- **Your instructions**
Using the data that follows, return exactly the lines from the one that contains "(\<exists>A B C p1 p2 p3 p4 p5." through the one that contains "every vertex \<open>v\<close>", ends included.

::: Provided information

(* There is no connected tricyclic graph $G$ with exactly two main eigenvalues such that the graph $G_0$ obtained from $G$ by deleting all pendant vertices belongs to $\mathcal{T}_5$.
   Context: All graphs are finite, undirected and simple. A connected graph $G$ is tricyclic if $|E(G)|=|V(G)|+2$. An eigenvalue of $G$ (of its adjacency matrix) is a main eigenvalue if it has an eigenvector whose entries do not sum to zero. A pendant vertex is a vertex of degree one. $\mathcal{T}_5$ is the class of simple graphs obtained as follows: take three distinct vertices $A,B,C$ and five pairwise internally vertex-disjoint paths, each with at least one edge, avoiding $A,B,C$ in their interiors: one path joining $A$ and $C$, two paths joining $A$ and $B$, and two paths joining $B$ and $C$ (so that $A$ and $C$ have degree $3$, $B$ has degree $4$, and all other vertices have degree $2$). *)

theory Defs
  imports Complex_Main
begin

definition simple_graph :: "'a set \<Rightarrow> 'a set set \<Rightarrow> bool" where
  "simple_graph V E \<longleftrightarrow> finite V \<and>
     (\<forall>e\<in>E. \<exists>u v. e = {u, v} \<and> u \<noteq> v \<and> u \<in> V \<and> v \<in> V)"

definition adj :: "'a set set \<Rightarrow> 'a \<Rightarrow> 'a \<Rightarrow> bool" where
  "adj E u v \<longleftrightarrow> {u, v} \<in> E"

definition connected_graph :: "'a set \<Rightarrow> 'a set set \<Rightarrow> bool" where
  "connected_graph V E \<longleftrightarrow> V \<noteq> {} \<and>
     (\<forall>u\<in>V. \<forall>v\<in>V. (u, v) \<in> {(x, y). adj E x y}\<^sup>*)"

definition degree :: "'a set set \<Rightarrow> 'a \<Rightarrow> nat" where
  "degree E v = card {e \<in> E. v \<in> e}"

text \<open>Action of the adjacency matrix on a vector indexed by V.\<close>
definition adj_mult :: "'a set \<Rightarrow> 'a set set \<Rightarrow> ('a \<Rightarrow> real) \<Rightarrow> 'a \<Rightarrow> real" where
  "adj_mult V E x v = (\<Sum>u\<in>{u \<in> V. adj E u v}. x u)"

definition is_eigenvector :: "'a set \<Rightarrow> 'a set set \<Rightarrow> real \<Rightarrow> ('a \<Rightarrow> real) \<Rightarrow> bool" where
  "is_eigenvector V E \<mu> x \<longleftrightarrow> (\<exists>v\<in>V. x v \<noteq> 0) \<and> (\<forall>v\<in>V. adj_mult V E x v = \<mu> * x v)"

definition main_eigenvalue :: "'a set \<Rightarrow> 'a set set \<Rightarrow> real \<Rightarrow> bool" where
  "main_eigenvalue V E \<mu> \<longleftrightarrow> (\<exists>x. is_eigenvector V E \<mu> x \<and> (\<Sum>v\<in>V. x v) \<noteq> 0)"

definition pendant_vertices :: "'a set \<Rightarrow> 'a set set \<Rightarrow> 'a set" where
  "pendant_vertices V E = {v \<in> V. degree E v = 1}"

definition del_pendant_V :: "'a set \<Rightarrow> 'a set set \<Rightarrow> 'a set" where
  "del_pendant_V V E = V - pendant_vertices V E"

definition del_pendant_E :: "'a set \<Rightarrow> 'a set set \<Rightarrow> 'a set set" where
  "del_pendant_E V E = {e \<in> E. e \<subseteq> del_pendant_V V E}"

definition path_edges :: "'a list \<Rightarrow> 'a set set" where
  "path_edges p = {{p ! i, p ! Suc i} | i. Suc i < length p}"

definition interior :: "'a list \<Rightarrow> 'a set" where
  "interior p = set (butlast (tl p))"

definition is_path_between :: "'a list \<Rightarrow> 'a \<Rightarrow> 'a \<Rightarrow> bool" where
  "is_path_between p a b \<longleftrightarrow> distinct p \<and> length p \<ge> 2 \<and> hd p = a \<and> last p = b"

text \<open>Edge-disjointness of the paths (needed for a
  simple graph with deg A = deg C = 3, deg B = 4) is required explicitly.\<close>
definition in_T5 :: "'a set \<Rightarrow> 'a set set \<Rightarrow> bool" where
  "in_T5 V E \<longleftrightarrow>
    (\<exists>A B C p1 p2 p3 p4 p5.
       distinct [A, B, C] \<and>
       is_path_between p1 A C \<and>
       is_path_between p2 A B \<and> is_path_between p3 A B \<and>
       is_path_between p4 B C \<and> is_path_between p5 B C \<and>
       (let ps = [p1, p2, p3, p4, p5] in
          (\<forall>i<5. interior (ps ! i) \<inter> {A, B, C} = {}) \<and>
          (\<forall>i<5. \<forall>j<5. i \<noteq> j \<longrightarrow> interior (ps ! i) \<inter> set (ps ! j) = {}) \<and>
          (\<forall>i<5. \<forall>j<5. i \<noteq> j \<longrightarrow> path_edges (ps ! i) \<inter> path_edges (ps ! j) = {}) \<and>
          V = (\<Union>i<5. set (ps ! i)) \<and>
          E = (\<Union>i<5. path_edges (ps ! i))))"

end

theory Submission
  imports Defs "HOL-Computational_Algebra.Fundamental_Theorem_Algebra"
begin

text \<open>
  Let \<open>d\<close> be the degree function of \<open>G\<close>. If \<open>G\<close> has exactly two main eigenvalues then
  \<open>A\<^sup>2\<one> = a A\<one> + b\<one>\<close> for some \<open>a, b\<close>, i.e. \<open>\<Sum>\<^bsub>u\<sim>v\<^esub> d(u) = a d(v) + b\<close> at every vertex:
  the minimal polynomial of \<open>\<one>\<close> with respect to the symmetric matrix \<open>A\<close> has only real,
  simple roots, each of them a main eigenvalue, so it has degree at most two.
  A pendant vertex forces its neighbour to have degree \<open>a + b\<close>. Hence on the core \<open>G\<^sub>0\<close>
  every vertex \<open>v\<close> with \<open>h\<close> core neighbours has \<open>d(v) = h\<close> or \<open>d(v) = a + b > h\<close>, and its
  core neighbours have degree sum \<open>(a - 1) d(v) + b + h\<close>. For \<open>G\<^sub>0 \<in> \<T>\<^sub>5\<close> these constraints,
  written out at the branch vertices and along the five paths near their ends, are
  inconsistent: by hand when \<open>a + b \<ge> 9\<close>, by a finite case analysis otherwise.
\<close>

section \<open>Graphs with two main eigenvalues\<close>

lemma ex_nontrivial_combination_vanishing_on:
  fixes f :: "'i \<Rightarrow> 'a \<Rightarrow> real"
  assumes "finite W" "finite I" "card W < card I"
  shows "\<exists>c. (\<exists>i\<in>I. c i \<noteq> 0) \<and> (\<forall>v\<in>W. (\<Sum>i\<in>I. c i * f i v) = 0)"
  using assms
proof (induction W arbitrary: I f rule: finite_induct)
  case empty
  then obtain i0 where "i0 \<in> I" by fastforce
  then show ?case by (intro exI[of _ "\<lambda>_. 1"]) auto
next
  case (insert w W)
  show ?case
  proof (cases "\<forall>i\<in>I. f i w = 0")
    case True
    have "card W < card I" using insert by simp
    then obtain c where "\<exists>i\<in>I. c i \<noteq> 0" "\<forall>v\<in>W. (\<Sum>i\<in>I. c i * f i v) = 0"
      using insert.IH[OF insert.prems(1)] by blast
    then show ?thesis using True by (intro exI[of _ c]) auto
  next
    case False
    then obtain i0 where i0: "i0 \<in> I" "f i0 w \<noteq> 0" by auto
    define I' where "I' = I - {i0}"
    \<comment> \<open>Gaussian elimination: clear the \<open>w\<close>-entries using \<open>f i0\<close>.\<close>
    define g where "g i v = f i v - (f i w / f i0 w) * f i0 v" for i v
    have "finite I'" "card W < card I'"
      using insert i0 unfolding I'_def by (simp_all add: card_Diff_singleton)
    then obtain c' where c': "\<exists>i\<in>I'. c' i \<noteq> 0" "\<forall>v\<in>W. (\<Sum>i\<in>I'. c' i * g i v) = 0"
      using insert.IH by blast
    define c where "c = c'(i0 := - (\<Sum>i\<in>I'. c' i * f i w) / f i0 w)"
    have comb: "(\<Sum>i\<in>I. c i * f i v) = (\<Sum>i\<in>I'. c' i * g i v)" for v
    proof -
      have "(\<Sum>i\<in>I. c i * f i v) = c i0 * f i0 v + (\<Sum>i\<in>I'. c' i * f i v)"
        unfolding I'_def c_def using insert.prems(1) i0(1)
        by (auto simp: sum.remove intro!: sum.cong)
      moreover have "(\<Sum>i\<in>I'. c' i * g i v)
          = (\<Sum>i\<in>I'. c' i * f i v) - (\<Sum>i\<in>I'. c' i * f i w) / f i0 w * f i0 v"
        unfolding g_def
        by (simp add: right_diff_distrib sum_subtractf sum_distrib_right sum_divide_distrib mult.assoc)
      ultimately show ?thesis unfolding c_def by simp
    qed
    have "(\<Sum>i\<in>I. c i * f i v) = 0" if "v \<in> insert w W" for v
      using that c'(2) i0(2) unfolding comb g_def by auto
    moreover have "\<exists>i\<in>I. c i \<noteq> 0"
    proof -
      from c'(1) obtain i where "i \<in> I'" "c' i \<noteq> 0" by blast
      then show ?thesis unfolding c_def I'_def by (intro bexI[of _ i]) auto
    qed
    ultimately show ?thesis by blast
  qed
qed

lemma map_poly_of_real_add:
  "map_poly complex_of_real (p + q) = map_poly of_real p + map_poly of_real q"
  by (rule poly_eqI) (simp add: coeff_map_poly)

lemma map_poly_of_real_mult:
  "map_poly complex_of_real (p * q) = map_poly of_real p * map_poly of_real q"
proof (induction p rule: pCons_induct)
  case (pCons a p)
  have "map_poly complex_of_real (smult a q) = smult (of_real a) (map_poly of_real q)"
    by (rule poly_eqI) (simp add: coeff_map_poly)
  with pCons show ?case by (simp add: map_poly_of_real_add map_poly_pCons)
qed simp

lemma poly_map_poly_of_real: "poly (map_poly complex_of_real p) (of_real x) = of_real (poly p x)"
  by (induction p rule: pCons_induct) (simp_all add: map_poly_pCons)

definition real_rooted :: "real poly \<Rightarrow> bool" where
  "real_rooted p \<longleftrightarrow> (\<forall>z. poly (map_poly complex_of_real p) z = 0 \<longrightarrow> Im z = 0)"

lemma real_rooted_dvd: "real_rooted p \<Longrightarrow> q dvd p \<Longrightarrow> real_rooted q"
  unfolding real_rooted_def by (auto elim!: dvdE simp: map_poly_of_real_mult)

lemma real_rooted_linear_factor:
  assumes "real_rooted p" "degree p > 0"
  obtains \<mu> q where "p = [:-\<mu>, 1:] * q"
proof -
  have "\<not> constant (poly (map_poly complex_of_real p))"
    using assms(2) by (simp add: constant_degree degree_map_poly)
  then obtain z where z: "poly (map_poly complex_of_real p) z = 0"
    using fundamental_theorem_of_algebra by blast
  then have "z = of_real (Re z)"
    using assms(1) unfolding real_rooted_def by (simp add: complex_eq_iff)
  then have "poly p (Re z) = 0"
    using z poly_map_poly_of_real by (metis of_real_eq_0_iff)
  then show ?thesis using that by (metis dvdE poly_eq_0_iff_dvd)
qed

lemma real_rooted_split_root:
  assumes "real_rooted p" "p \<noteq> 0" "degree p > k"
  obtains \<mu> q where "p = [:-\<mu>, 1:] * q" "q \<noteq> 0" "degree q \<ge> k" "real_rooted q"
proof -
  obtain \<mu> q where pq: "p = [:-\<mu>, 1:] * q"
    using real_rooted_linear_factor[OF assms(1)] assms(3) by auto
  then have "q \<noteq> 0" using assms(2) by auto
  moreover have "degree q \<ge> k" using assms(3) pq \<open>q \<noteq> 0\<close> degree_mult_eq[of "[:-\<mu>, 1:]" q] by auto
  moreover have "real_rooted q" using real_rooted_dvd[OF assms(1), of q] pq by (metis dvd_triv_right)
  ultimately show ?thesis using that pq by blast
qed

lemma real_rooted_three_roots:
  assumes "real_rooted m" "m \<noteq> 0" "degree m \<ge> 3"
    and no_double_root: "\<And>\<mu>. \<not> [:-\<mu>, 1:]\<^sup>2 dvd m"
  shows "\<exists>\<mu>1 \<mu>2 \<mu>3. distinct [\<mu>1, \<mu>2, \<mu>3] \<and> poly m \<mu>1 = 0 \<and> poly m \<mu>2 = 0 \<and> poly m \<mu>3 = 0"
proof -
  have "degree m > 2" using assms(3) by simp
  then obtain \<mu>1 m1 where m1: "m = [:-\<mu>1, 1:] * m1" "m1 \<noteq> 0" "degree m1 \<ge> 2" "real_rooted m1"
    by (rule real_rooted_split_root[OF assms(1,2)])
  have "degree m1 > 1" using m1(3) by simp
  then obtain \<mu>2 m2 where m2: "m1 = [:-\<mu>2, 1:] * m2" "m2 \<noteq> 0" "degree m2 \<ge> 1" "real_rooted m2"
    by (rule real_rooted_split_root[OF m1(4,2)])
  have "degree m2 > 0" using m2(3) by simp
  then obtain \<mu>3 m3 where m3: "m2 = [:-\<mu>3, 1:] * m3" "m3 \<noteq> 0" "degree m3 \<ge> 0" "real_rooted m3"
    by (rule real_rooted_split_root[OF m2(4,2)])
  have m_eq: "m = [:-\<mu>1, 1:] * ([:-\<mu>2, 1:] * ([:-\<mu>3, 1:] * m3))"
    using m1(1) m2(1) m3(1) by (simp only:)
  have no_square: "m \<noteq> [:-\<mu>, 1:] * ([:-\<mu>, 1:] * q)" for \<mu> q
    using no_double_root[of \<mu>] unfolding power2_eq_square by (metis dvd_triv_left mult.assoc)
  have "\<mu>1 \<noteq> \<mu>2"
    using no_square[of \<mu>1 "[:-\<mu>3, 1:] * m3"] unfolding m_eq by blast
  moreover have "\<mu>1 \<noteq> \<mu>3"
  proof
    assume "\<mu>1 = \<mu>3"
    then have "m = [:-\<mu>1, 1:] * ([:-\<mu>1, 1:] * ([:-\<mu>2, 1:] * m3))"
      unfolding m_eq by (simp only: mult.left_commute)
    then show False using no_square by blast
  qed
  moreover have "\<mu>2 \<noteq> \<mu>3"
  proof
    assume "\<mu>2 = \<mu>3"
    then have "m = [:-\<mu>2, 1:] * ([:-\<mu>2, 1:] * ([:-\<mu>1, 1:] * m3))"
      unfolding m_eq by (simp only: mult.left_commute)
    then show False using no_square by blast
  qed
  moreover have "poly m \<mu>1 = 0" "poly m \<mu>2 = 0" "poly m \<mu>3 = 0"
    unfolding m_eq by simp_all
  ultimately show ?thesis by (intro exI[of _ \<mu>1] exI[of _ \<mu>2] exI[of _ \<mu>3]) simp
qed

lemma complex_root_imp_quadratic_dvd:
  fixes m :: "real poly"
  assumes z: "poly (map_poly complex_of_real m) z = 0" and t: "Im z \<noteq> 0"
  shows "[:Re z * Re z + Im z * Im z, -2 * Re z, 1:] dvd m"
proof -
  define Q where "Q = [:Re z * Re z + Im z * Im z, -2 * Re z, 1:]"
  define r where "r = m mod Q"
  have "degree r \<le> 1"
    using degree_mod_less[of Q m] unfolding r_def Q_def by (cases "m mod Q = 0") auto
  then obtain c0 c1 where r: "r = [:c0, c1:]"
    by (intro that[of "coeff r 0" "coeff r 1"] poly_eqI)
      (auto simp: coeff_pCons coeff_eq_0 split: nat.split)
  have "map_poly complex_of_real m
      = map_poly of_real Q * map_poly of_real (m div Q) + map_poly of_real r"
    unfolding r_def by (simp flip: map_poly_of_real_mult map_poly_of_real_add)
  moreover have "poly (map_poly complex_of_real Q) z = 0"
    unfolding Q_def by (simp add: map_poly_pCons complex_eq_iff algebra_simps power2_eq_square)
  ultimately have "poly (map_poly complex_of_real r) z = 0" using z by simp
  then have "of_real c0 + z * of_real c1 = 0" unfolding r by (simp add: map_poly_pCons)
  then have "r = 0" unfolding r using t by (auto simp: complex_eq_iff)
  then show ?thesis unfolding r_def Q_def by (simp add: mod_eq_0_iff_dvd)
qed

::::::

- **Result of the task**
    (\<exists>A B C p1 p2 p3 p4 p5.
       distinct [A, B, C] \<and>
       is_path_between p1 A C \<and>
       is_path_between p2 A B \<and> is_path_between p3 A B \<and>
       is_path_between p4 B C \<and> is_path_between p5 B C \<and>
       (let ps = [p1, p2, p3, p4, p5] in
          (\<forall>i<5. interior (ps ! i) \<inter> {A, B, C} = {}) \<and>
          (\<forall>i<5. \<forall>j<5. i \<noteq> j \<longrightarrow> interior (ps ! i) \<inter> set (ps ! j) = {}) \<and>
          (\<forall>i<5. \<forall>j<5. i \<noteq> j \<longrightarrow> path_edges (ps ! i) \<inter> path_edges (ps ! j) = {}) \<and>
          V = (\<Union>i<5. set (ps ! i)) \<and>
          E = (\<Union>i<5. path_edges (ps ! i))))"

end

theory Submission
  imports Defs "HOL-Computational_Algebra.Fundamental_Theorem_Algebra"
begin

text \<open>
  Let \<open>d\<close> be the degree function of \<open>G\<close>. If \<open>G\<close> has exactly two main eigenvalues then
  \<open>A\<^sup>2\<one> = a A\<one> + b\<one>\<close> for some \<open>a, b\<close>, i.e. \<open>\<Sum>\<^bsub>u\<sim>v\<^esub> d(u) = a d(v) + b\<close> at every vertex:
  the minimal polynomial of \<open>\<one>\<close> with respect to the symmetric matrix \<open>A\<close> has only real,
  simple roots, each of them a main eigenvalue, so it has degree at most two.
  A pendant vertex forces its neighbour to have degree \<open>a + b\<close>. Hence on the core \<open>G\<^sub>0\<close>
  every vertex \<open>v\<close> with \<open>h\<close> core neighbours has \<open>d(v) = h\<close> or \<open>d(v) = a + b > h\<close>, and its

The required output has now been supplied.